Data section START

(* Let $(D,\prec,\succ,\alpha)$ be a Hom-dendriform algebra and $T:D\to D$ a homomorphic averaging operator. Define on $D$: $\prec_\perp=\prec$, $\succ_\perp=\succ$, $x\prec^T_\vdash y=Tx\prec y$, $x\prec^T_\dashv y=x\prec Ty$, $x\succ^T_\vdash y=Tx\succ y$, $x\succ^T_\dashv y=x\succ Ty$ for $x,y\in D$. Then $(D,\prec_\perp,\succ_\perp,\prec^T_\vdash,\prec^T_\dashv,\succ^T_\vdash,\succ^T_\dashv,\alpha)$ is a Hom-six-dendriform algebra.
   Context: All vector spaces are over a field of characteristic zero. A Hom-dendriform algebra is $(D,\prec,\succ,\alpha)$ with $\prec,\succ$ bilinear and $\alpha$ linear such that for all $x,y,z$: $\alpha(x)\prec(y\prec z+y\succ z)=(x\prec y)\prec\alpha(z)$; $\alpha(x)\succ(y\prec z)=(x\succ y)\prec\alpha(z)$; $\alpha(x)\succ(y\succ z)=(x\prec y+x\succ y)\succ\alpha(z)$. A homomorphic averaging operator on $(D,\prec,\succ,\alpha)$ is a linear map $T:D\to D$ such that for all $x,y\in D$: $Tx\prec Ty=T(Tx\prec y)=T(x\prec Ty)$, $Tx\succ Ty=T(Tx\succ y)=T(x\succ Ty)$, $T\circ\alpha=\alpha\circ T$, and $T(x\prec y)=Tx\prec Ty$, $T(x\succ y)=Tx\succ Ty$. A Hom-quadri-dendriform algebra is $(E,\prec_\vdash,\prec_\dashv,\succ_\vdash,\succ_\dashv,\gamma)$ with four bilinear operations and $\gamma$ linear such that for all $x,y,z$: (Q1) $(x\prec_\vdash y)\prec_\vdash\gamma(z)=(x\prec_\dashv y)\prec_\vdash\gamma(z)=\gamma(x)\prec_\vdash(y\prec_\vdash z+y\succ_\vdash z)$; (Q2) $(x\succ_\vdash y)\prec_\vdash\gamma(z)=(x\succ_\dashv y)\prec_\vdash\gamma(z)=\gamma(x)\succ_\vdash(y\prec_\vdash z)$; (Q3) $\gamma(x)\succ_\vdash(y\succ_\vdash z)=(x\prec_\vdash y+x\succ_\vdash y)\succ_\vdash\gamma(z)=(x\prec_\dashv y+x\succ_\dashv y)\succ_\vdash\gamma(z)$; (Q4) $\gamma(x)\succ_\vdash(y\succ_\vdash z)=(x\prec_\dashv y+x\succ_\vdash y)\succ_\vdash\gamma(z)=(x\prec_\vdash y+x\succ_\dashv y)\succ_\vdash\gamma(z)$; (Q5) $(x\prec_\vdash y)\prec_\dashv\gamma(z)=\gamma(x)\prec_\vdash(y\prec_\dashv z+y\succ_\dashv z)$; (Q6) $(x\succ_\vdash y)\prec_\dashv\gamma(z)=\gamma(x)\succ_\vdash(y\prec_\dashv z)$; (Q7) $\gamma(x)\succ_\vdash(y\succ_\dashv z)=(x\prec_\vdash y+x\succ_\vdash y)\succ_\dashv\gamma(z)$; (Q8) $(x\prec_\dashv y)\prec_\dashv\gamma(z)=\gamma(x)\prec_\dashv(y\prec_\vdash z+y\succ_\vdash z)=\gamma(x)\prec_\dashv(y\prec_\dashv z+y\succ_\dashv z)$; (Q9) $(x\prec_\dashv y)\prec_\dashv\gamma(z)=\gamma(x)\prec_\dashv(y\prec_\vdash z+y\succ_\dashv z)=\gamma(x)\prec_\dashv(y\prec_\dashv z+y\succ_\vdash z)$; (Q10) $(x\succ_\dashv y)\prec_\dashv\gamma(z)=\gamma(x)\succ_\dashv(y\prec_\vdash z)=\gamma(x)\succ_\dashv(y\prec_\dashv z)$; (Q11) $\gamma(x)\succ_\dashv(y\succ_\vdash z)=\gamma(x)\succ_\dashv(y\succ_\dashv z)=(x\prec_\dashv y+x\succ_\dashv y)\succ_\dashv\gamma(z)$. A Hom-six-dendriform algebra is $(E,\prec_\perp,\succ_\perp,\prec_\vdash,\prec_\dashv,\succ_\vdash,\succ_\dashv,\gamma)$ such that $(E,\prec_\perp,\succ_\perp,\gamma)$ is Hom-dendriform, $(E,\prec_\vdash,\prec_\dashv,\succ_\vdash,\succ_\dashv,\gamma)$ is Hom-quadri-dendriform, and for all $x,y,z$: (S1) $(x\prec_\vdash y)\prec_\perp\gamma(z)=\gamma(x)\prec_\vdash(y\prec_\perp z+y\succ_\perp z)$; (S2) $(x\succ_\vdash y)\prec_\perp\gamma(z)=\gamma(x)\succ_\vdash(y\prec_\perp z)$; (S3) $\gamma(x)\succ_\vdash(y\succ_\perp z)=(x\prec_\vdash y+x\succ_\vdash y)\succ_\perp\gamma(z)$; (S4) $(x\prec_\dashv y)\prec_\perp\gamma(z)=\gamma(x)\prec_\perp(y\prec_\vdash z+y\succ_\vdash z)$; (S5) $(x\succ_\dashv y)\prec_\perp\gamma(z)=\gamma(x)\succ_\perp(y\prec_\vdash z)$; (S6) $\gamma(x)\succ_\perp(y\succ_\vdash z)=(x\prec_\dashv y+x\succ_\dashv y)\succ_\perp\gamma(z)$; (S7) $(x\prec_\perp y)\prec_\dashv\gamma(z)=\gamma(x)\prec_\perp(y\prec_\dashv z+y\succ_\dashv z)$; (S8) $(x\succ_\perp y)\prec_\dashv\gamma(z)=\gamma(x)\succ_\perp(y\prec_\dashv z)$; (S9) $\gamma(x)\succ_\perp(y\succ_\dashv z)=(x\prec_\perp y+x\succ_\perp y)\succ_\dashv\gamma(z)$; (S10) $(x\prec_\perp y)\prec_\vdash\gamma(z)=(x\prec_\vdash y)\prec_\vdash\gamma(z)=(x\prec_\dashv y)\prec_\vdash\gamma(z)$; (S11) $(x\succ_\perp y)\prec_\vdash\gamma(z)=(x\succ_\vdash y)\prec_\vdash\gamma(z)=(x\succ_\dashv y)\prec_\vdash\gamma(z)$; (S12) $(x\prec_\perp y)\succ_\vdash\gamma(z)=(x\prec_\vdash y)\succ_\vdash\gamma(z)=(x\prec_\dashv y)\succ_\vdash\gamma(z)$; (S13) $(x\succ_\perp y)\succ_\vdash\gamma(z)=(x\succ_\vdash y)\succ_\vdash\gamma(z)=(x\succ_\dashv y)\succ_\vdash\gamma(z)$; (S14) $\gamma(x)\prec_\dashv(y\prec_\perp z)=\gamma(x)\prec_\dashv(y\prec_\vdash z)=\gamma(x)\prec_\dashv(y\prec_\dashv z)$; (S15) $\gamma(x)\succ_\dashv(y\prec_\perp z)=\gamma(x)\succ_\dashv(y\prec_\vdash z)=\gamma(x)\succ_\dashv(y\prec_\dashv z)$; (S16) $\gamma(x)\succ_\dashv(y\succ_\perp z)=\gamma(x)\succ_\dashv(y\succ_\vdash z)=\gamma(x)\succ_\dashv(y\succ_\dashv z)$; (S17) $\gamma(x)\prec_\dashv(y\succ_\perp z)=\gamma(x)\prec_\dashv(y\succ_\vdash z)=\gamma(x)\prec_\dashv(y\succ_\dashv z)$. *)

theory Defs
  imports Main HOL.Vector_Spaces
begin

Data section END

● Task
Transcribe every entry exactly, omitting nothing.

● Written solution
(* Let $(D,\prec,\succ,\alpha)$ be a Hom-dendriform algebra and $T:D\to D$ a homomorphic averaging operator. Define on $D$: $\prec_\perp=\prec$, $\succ_\perp=\succ$, $x\prec^T_\vdash y=Tx\prec y$, $x\prec^T_\dashv y=x\prec Ty$, $x\succ^T_\vdash y=Tx\succ y$, $x\succ^T_\dashv y=x\succ Ty$ for $x,y\in D$. Then $(D,\prec_\perp,\succ_\perp,\prec^T_\vdash,\prec^T_\dashv,\succ^T_\vdash,\succ^T_\dashv,\alpha)$ is a Hom-six-dendriform algebra.
   Context: All vector spaces are over a field of characteristic zero. A Hom-dendriform algebra is $(D,\prec,\succ,\alpha)$ with $\prec,\succ$ bilinear and $\alpha$ linear such that for all $x,y,z$: $\alpha(x)\prec(y\prec z+y\succ z)=(x\prec y)\prec\alpha(z)$; $\alpha(x)\succ(y\prec z)=(x\succ y)\prec\alpha(z)$; $\alpha(x)\succ(y\succ z)=(x\prec y+x\succ y)\succ\alpha(z)$. A homomorphic averaging operator on $(D,\prec,\succ,\alpha)$ is a linear map $T:D\to D$ such that for all $x,y\in D$: $Tx\prec Ty=T(Tx\prec y)=T(x\prec Ty)$, $Tx\succ Ty=T(Tx\succ y)=T(x\succ Ty)$, $T\circ\alpha=\alpha\circ T$, and $T(x\prec y)=Tx\prec Ty$, $T(x\succ y)=Tx\succ Ty$. A Hom-quadri-dendriform algebra is $(E,\prec_\vdash,\prec_\dashv,\succ_\vdash,\succ_\dashv,\gamma)$ with four bilinear operations and $\gamma$ linear such that for all $x,y,z$: (Q1) $(x\prec_\vdash y)\prec_\vdash\gamma(z)=(x\prec_\dashv y)\prec_\vdash\gamma(z)=\gamma(x)\prec_\vdash(y\prec_\vdash z+y\succ_\vdash z)$; (Q2) $(x\succ_\vdash y)\prec_\vdash\gamma(z)=(x\succ_\dashv y)\prec_\vdash\gamma(z)=\gamma(x)\succ_\vdash(y\prec_\vdash z)$; (Q3) $\gamma(x)\succ_\vdash(y\succ_\vdash z)=(x\prec_\vdash y+x\succ_\vdash y)\succ_\vdash\gamma(z)=(x\prec_\dashv y+x\succ_\dashv y)\succ_\vdash\gamma(z)$; (Q4) $\gamma(x)\succ_\vdash(y\succ_\vdash z)=(x\prec_\dashv y+x\succ_\vdash y)\succ_\vdash\gamma(z)=(x\prec_\vdash y+x\succ_\dashv y)\succ_\vdash\gamma(z)$; (Q5) $(x\prec_\vdash y)\prec_\dashv\gamma(z)=\gamma(x)\prec_\vdash(y\prec_\dashv z+y\succ_\dashv z)$; (Q6) $(x\succ_\vdash y)\prec_\dashv\gamma(z)=\gamma(x)\succ_\vdash(y\prec_\dashv z)$; (Q7) $\gamma(x)\succ_\vdash(y\succ_\dashv z)=(x\prec_\vdash y+x\succ_\vdash y)\succ_\dashv\gamma(z)$; (Q8) $(x\prec_\dashv y)\prec_\dashv\gamma(z)=\gamma(x)\prec_\dashv(y\prec_\vdash z+y\succ_\vdash z)=\gamma(x)\prec_\dashv(y\prec_\dashv z+y\succ_\dashv z)$; (Q9) $(x\prec_\dashv y)\prec_\dashv\gamma(z)=\gamma(x)\prec_\dashv(y\prec_\vdash z+y\succ_\dashv z)=\gamma(x)\prec_\dashv(y\prec_\dashv z+y\succ_\vdash z)$; (Q10) $(x\succ_\dashv y)\prec_\dashv\gamma(z)=\gamma(x)\succ_\dashv(y\prec_\vdash z)=\gamma(x)\succ_\dashv(y\prec_\dashv z)$; (Q11) $\gamma(x)\succ_\dashv(y\succ_\vdash z)=\gamma(x)\succ_\dashv(y\succ_\dashv z)=(x\prec_\dashv y+x\succ_\dashv y)\succ_\dashv\gamma(z)$. A Hom-six-dendriform algebra is $(E,\prec_\perp,\succ_\perp,\prec_\vdash,\prec_\dashv,\succ_\vdash,\succ_\dashv,\gamma)$ such that $(E,\prec_\perp,\succ_\perp,\gamma)$ is Hom-dendriform, $(E,\prec_\vdash,\prec_\dashv,\succ_\vdash,\succ_\dashv,\gamma)$ is Hom-quadri-dendriform, and for all $x,y,z$: (S1) $(x\prec_\vdash y)\prec_\perp\gamma(z)=\gamma(x)\prec_\vdash(y\prec_\perp z+y\succ_\perp z)$; (S2) $(x\succ_\vdash y)\prec_\perp\gamma(z)=\gamma(x)\succ_\vdash(y\prec_\perp z)$; (S3) $\gamma(x)\succ_\vdash(y\succ_\perp z)=(x\prec_\vdash y+x\succ_\vdash y)\succ_\perp\gamma(z)$; (S4) $(x\prec_\dashv y)\prec_\perp\gamma(z)=\gamma(x)\prec_\perp(y\prec_\vdash z+y\succ_\vdash z)$; (S5) $(x\succ_\dashv y)\prec_\perp\gamma(z)=\gamma(x)\succ_\perp(y\prec_\vdash z)$; (S6) $\gamma(x)\succ_\perp(y\succ_\vdash z)=(x\prec_\dashv y+x\succ_\dashv y)\succ_\perp\gamma(z)$; (S7) $(x\prec_\perp y)\prec_\dashv\gamma(z)=\gamma(x)\prec_\perp(y\prec_\dashv z+y\succ_\dashv z)$; (S8) $(x\succ_\perp y)\prec_\dashv\gamma(z)=\gamma(x)\succ_\perp(y\prec_\dashv z)$; (S9) $\gamma(x)\succ_\perp(y\succ_\dashv z)=(x\prec_\perp y+x\succ_\perp y)\succ_\dashv\gamma(z)$; (S10) $(x\prec_\perp y)\prec_\vdash\gamma(z)=(x\prec_\vdash y)\prec_\vdash\gamma(z)=(x\prec_\dashv y)\prec_\vdash\gamma(z)$; (S11) $(x\succ_\perp y)\prec_\vdash\gamma(z)=(x\succ_\vdash y)\prec_\vdash\gamma(z)=(x\succ_\dashv y)\prec_\vdash\gamma(z)$; (S12) $(x\prec_\perp y)\succ_\vdash\gamma(z)=(x\prec_\vdash y)\succ_\vdash\gamma(z)=(x\prec_\dashv y)\succ_\vdash\gamma(z)$; (S13) $(x\succ_\perp y)\succ_\vdash\gamma(z)=(x\succ_\vdash y)\succ_\vdash\gamma(z)=(x\succ_\dashv y)\succ_\vdash\gamma(z)$; (S14) $\gamma(x)\prec_\dashv(y\prec_\perp z)=\gamma(x)\prec_\dashv(y\prec_\vdash z)=\gamma(x)\prec_\dashv(y\prec_\dashv z)$; (S15) $\gamma(x)\succ_\dashv(y\prec_\perp z)=\gamma(x)\succ_\dashv(y\prec_\vdash z)=\gamma(x)\succ_\dashv(y\prec_\dashv z)$; (S16) $\gamma(x)\succ_\dashv(y\succ_\perp z)=\gamma(x)\succ_\dashv(y\succ_\vdash z)=\gamma(x)\succ_\dashv(y\succ_\dashv z)$; (S17) $\gamma(x)\prec_\dashv(y\succ_\perp z)=\gamma(x)\prec_\dashv(y\succ_\vdash z)=\gamma(x)\prec_\dashv(y\succ_\dashv z)$. *)

theory Defs
  imports Main HOL.Vector_Spaces
begin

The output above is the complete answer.